The main improvement is the replacement of the standard float parsing function (strtod, istream, etc) with the fast float parsing implementation from Daniel Lemire (https://github.com/fastfloat/fast_float). This simple change make text based format that mainly contains decimal values to be read way faster. This is the reason why text-based formats benefit that much of vtkResourceParser.
Other improvements have been done on different aspects of file parsing, such as implementing faster algorithm for line-by-line reading, better code architecture (especially in vtkOBJReader) and a slightly faster text to int parsing algorithm.
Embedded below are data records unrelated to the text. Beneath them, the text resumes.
(* Let $G$ be a simple graph with $n$ vertices and $m$ edges, where $n$ is odd and $m \ge n-1 \ge 3$. Then $$\mathrm{HE}(G) \le \begin{cases} \dfrac{2m}{n-1} + \dfrac{\sqrt{2mn(n^2-3n+1)(n^2-n-2m)}}{n(n-1)}, & \text{if } m \le \dfrac{n^2(n-3)^2}{2(n^2-4n+11)},\\[2ex] \dfrac{1}{n}\sqrt{2m(2n-1)(n^2-2m)}, & \text{otherwise.}\end{cases}$$
   Context: All graphs are finite, simple and undirected. For a graph $G$ on $n$ vertices with adjacency matrix $A$, let $\lambda_1 \ge \lambda_2 \ge \cdots \ge \lambda_n$ be the eigenvalues of $A$ and $r := \lfloor n/2 \rfloor$. The Hückel energy of $G$ is $\mathrm{HE}(G) = 2\sum_{i=1}^{r}\lambda_i$ if $n=2r$, and $\mathrm{HE}(G) = 2\sum_{i=1}^{r}\lambda_i + \lambda_{r+1}$ if $n=2r+1$. *)

theory Defs
  imports Complex_Main "Jordan_Normal_Form.Char_Poly"
begin

text \<open>A simple graph on the vertex set {0..<n} is given by an edge relation E
  that is symmetric and irreflexive (only its restriction to {0..<n} matters).\<close>

definition simple_graph :: "nat \<Rightarrow> (nat \<Rightarrow> nat \<Rightarrow> bool) \<Rightarrow> bool" where
  "simple_graph n E \<longleftrightarrow> (\<forall>i<n. \<forall>j<n. E i j \<longrightarrow> E j i) \<and> (\<forall>i<n. \<not> E i i)"

definition num_edges :: "nat \<Rightarrow> (nat \<Rightarrow> nat \<Rightarrow> bool) \<Rightarrow> nat" where
  "num_edges n E = card {{i, j} | i j. i < n \<and> j < n \<and> E i j}"

definition adj_mat :: "nat \<Rightarrow> (nat \<Rightarrow> nat \<Rightarrow> bool) \<Rightarrow> real mat" where
  "adj_mat n E = mat n n (\<lambda>(i, j). if E i j then 1 else 0)"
This is very cool from a WebAssembly point of view. I’ve currently hit a limit attempting to load a
.vtp
file larger than 2GB in chrome because the chrome JavaScript engine cannot allocate more than 2 billion bytes for ArrayBuffer. Both the input string and file modes involve a copy from the javascript heap onto the webassembly heap. This motivates me to investiage if it’s possible to connect Web Storage API to VTK with a custom vtkResourceStream.